• Nenhum resultado encontrado

4. Caixa Geral de Depósitos

4.2 CGD no Linkedin

A imagem da CGD no Linkedin apresenta-se com altos padrões de exigência e liderança que se refletem na sua presença ao nível nacional e, mesmo na escala internacional, principalmente nos países de língua oficial portuguesa e de destino de emigração.

Caixa Geral de Depósitos

Figura 15 - CGD no Linkedin

A página da CGD apresenta-se com o slogan “Acompanhe as novidades na CGD” que inclui atualizações sobre as atividades da empresa, descobrir as novas oportunidades da empresa e, a conecção com os funcionários.

Procura uma evolução equilibrada entre rentabilidade, crescimento e solidez financeira. Isto sempre no quadro de uma gestão prudente dos riscos, com forte responsabilidade no desenvolvimento económico, reforço da competitividade, capacidade de inovação e internacionalização das empresas portuguesas, assim como na estabilidade e solidez do sistema financeiro nacional.

Apresenta, através das suas publicações, os seus produtos financeiros tais como, Caixaleasing Auto Empresas, para aquisição de viaturas de leasing.

publicação de 14 de junho

O seu negócio vai mais longe.

Financia até 100% do valor de viaturas novas, ligeiras de passageiros e/ou mercadorias, com prazos alargados.

Figura 16 - Campanhas CGD

Fonte: https://www.cgd.pt/Empresas/InvestimentoCapitalizacao/Pages/Caixalesing-Auto-Empresas.aspx

Caixa Geral de Depósitos

Publicação de 09 junho

CGD Levar o multitasking como prática diária é positivo ou nem por isso?
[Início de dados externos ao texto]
(*
  Write sigma for the parity automorphism (identity on even, -1 on odd elements) and tau for
  the shift xi_b |-> xi_(i+b), which embeds U(h_j) as 1 (x) U(h_j).  Cutting a k-subset of
  {1..i+j} into its parts below and above i, the first a factors of the corresponding product
  carry the signs of an a-fold product twisted by sigma^(k-a).  This gives the coproduct formula
      ufull (i+j) k = sum_a sigma^(k-a) (ufull i a) * tau (ufull j (k-a)).
  W(i) is stable under sigma and under taking parity parts, so the parity parts u_k(e) of the
  left side lie in the span of W(i) * tau W(j).  That span is a subalgebra, because tau W(j)
  supercommutes with W(i) (their odd generators are disjoint); hence it contains W(i+j).
*)

section \<open>The product of U(h)\<close>

lemma lookup_hscale [simp]: "Poly_Mapping.lookup (hscale c f) p = c * Poly_Mapping.lookup f p"
  unfolding hscale_def by transfer (simp add: when_def)

lemma keys_hscale_subset: "Poly_Mapping.keys (hscale c f) \<subseteq> Poly_Mapping.keys f"
  by (auto simp: in_keys_iff)

lemma hscale_add: "hscale c (f + g) = hscale c f + hscale c g"
  by (rule poly_mapping_eqI) (simp add: lookup_add algebra_simps)

lemma hscale_zero_right [simp]: "hscale c 0 = 0"
  by (rule poly_mapping_eqI) simp

lemma hscale_zero_left [simp]: "hscale 0 f = 0"
  by (rule poly_mapping_eqI) simp

lemma hscale_one [simp]: "hscale 1 f = f"
  by (rule poly_mapping_eqI) simp

lemma hscale_hscale [simp]: "hscale c (hscale d f) = hscale (c * d) f"
  by (rule poly_mapping_eqI) simp

lemma hscale_sum: "hscale c (sum F X) = (\<Sum>x\<in>X. hscale c (F x))"
  by (induction X rule: infinite_finite_induct) (auto simp: hscale_add)

lemma hscale_single: "hscale c (Poly_Mapping.single k a) = Poly_Mapping.single k (c * a)"
  by (rule poly_mapping_eqI) (simp add: lookup_single when_def)

lemma poly_mapping_sum_single:
  "(\<Sum>p\<in>Poly_Mapping.keys f. Poly_Mapping.single p (Poly_Mapping.lookup f p)) = f"
  by (rule poly_mapping_eqI) (auto simp: lookup_sum lookup_single when_def in_keys_iff)

definition coeff_extend :: "(hmono \<Rightarrow> complex \<Rightarrow> uh) \<Rightarrow> uh \<Rightarrow> uh" where
  "coeff_extend \<Phi> f = (\<Sum>p\<in>Poly_Mapping.keys f. \<Phi> p (Poly_Mapping.lookup f p))"

definition coeff_additive :: "(hmono \<Rightarrow> complex \<Rightarrow> uh) \<Rightarrow> bool" where
  "coeff_additive \<Phi> \<longleftrightarrow> (\<forall>p a b. \<Phi> p (a + b) = \<Phi> p a + \<Phi> p b)"

lemma coeff_additiveD: "coeff_additive \<Phi> \<Longrightarrow> \<Phi> p (a + b) = \<Phi> p a + \<Phi> p b"
  unfolding coeff_additive_def by blast

lemma coeff_additive_zero: "coeff_additive \<Phi> \<Longrightarrow> \<Phi> p 0 = 0"
  using coeff_additiveD[of \<Phi> p 0 0] by simp

lemma coeff_extend_eq_sum:
  assumes "coeff_additive \<Phi>" "finite P" "Poly_Mapping.keys f \<subseteq> P"
  shows "coeff_extend \<Phi> f = (\<Sum>p\<in>P. \<Phi> p (Poly_Mapping.lookup f p))"
  unfolding coeff_extend_def
  by (rule sum.mono_neutral_left) (use assms coeff_additive_zero in \<open>auto simp: in_keys_iff\<close>)

lemma coeff_extend_add:
  assumes "coeff_additive \<Phi>"
  shows "coeff_extend \<Phi> (f + g) = coeff_extend \<Phi> f + coeff_extend \<Phi> g"
proof -
  let ?P = "Poly_Mapping.keys f \<union> Poly_Mapping.keys g"
  have "Poly_Mapping.keys (f + g) \<subseteq> ?P" by (rule keys_add)
  with assms show ?thesis
    by (simp add: coeff_extend_eq_sum[of \<Phi> ?P] lookup_add sum.distrib coeff_additiveD)
qed

lemma coeff_extend_zero [simp]: "coeff_extend \<Phi> 0 = 0"
  by (simp add: coeff_extend_def)

lemma coeff_extend_sum:
  "coeff_additive \<Phi> \<Longrightarrow> coeff_extend \<Phi> (sum F X) = (\<Sum>x\<in>X. coeff_extend \<Phi> (F x))"
  by (induction X rule: infinite_finite_induct) (auto simp: coeff_extend_add)

lemma coeff_extend_single:
  "coeff_additive \<Phi> \<Longrightarrow> coeff_extend \<Phi> (Poly_Mapping.single k c) = \<Phi> k c"
  using coeff_extend_eq_sum[of \<Phi> "{k}" "Poly_Mapping.single k c"] by simp

lemma coeff_extend_hscale:
  assumes "coeff_additive \<Phi>" "\<And>p d. \<Phi> p (c * d) = hscale c (\<Phi> p d)"
  shows "coeff_extend \<Phi> (hscale c f) = hscale c (coeff_extend \<Phi> f)"
proof -
  have "coeff_extend \<Phi> (hscale c f) =
      (\<Sum>p\<in>Poly_Mapping.keys f. \<Phi> p (Poly_Mapping.lookup (hscale c f) p))"
    by (rule coeff_extend_eq_sum[OF assms(1) _ keys_hscale_subset]) simp
  then show ?thesis by (simp add: coeff_extend_def hscale_sum assms(2))
qed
No trabalho ou fora dele, vale a pena pensar nisto.

Figura 17 - Publicação de 09 junho – Multitasking Fonte: www.facebook.pt

Conclusões, Limitações e Futuras Linhas de Investigação

O ambiente empresarial apresenta atualmente uma grande dinâmica e experimenta mudanças rápidas como resultado da inovação, criatividade, mudanças tecnológicas, maior conscientização das necessidades dos clientes. Especialmente o setor bancário do século XXI atua num ambiente complexo e competitivo, caracterizado por estas condições de mudança e um clima económico altamente imprevisível.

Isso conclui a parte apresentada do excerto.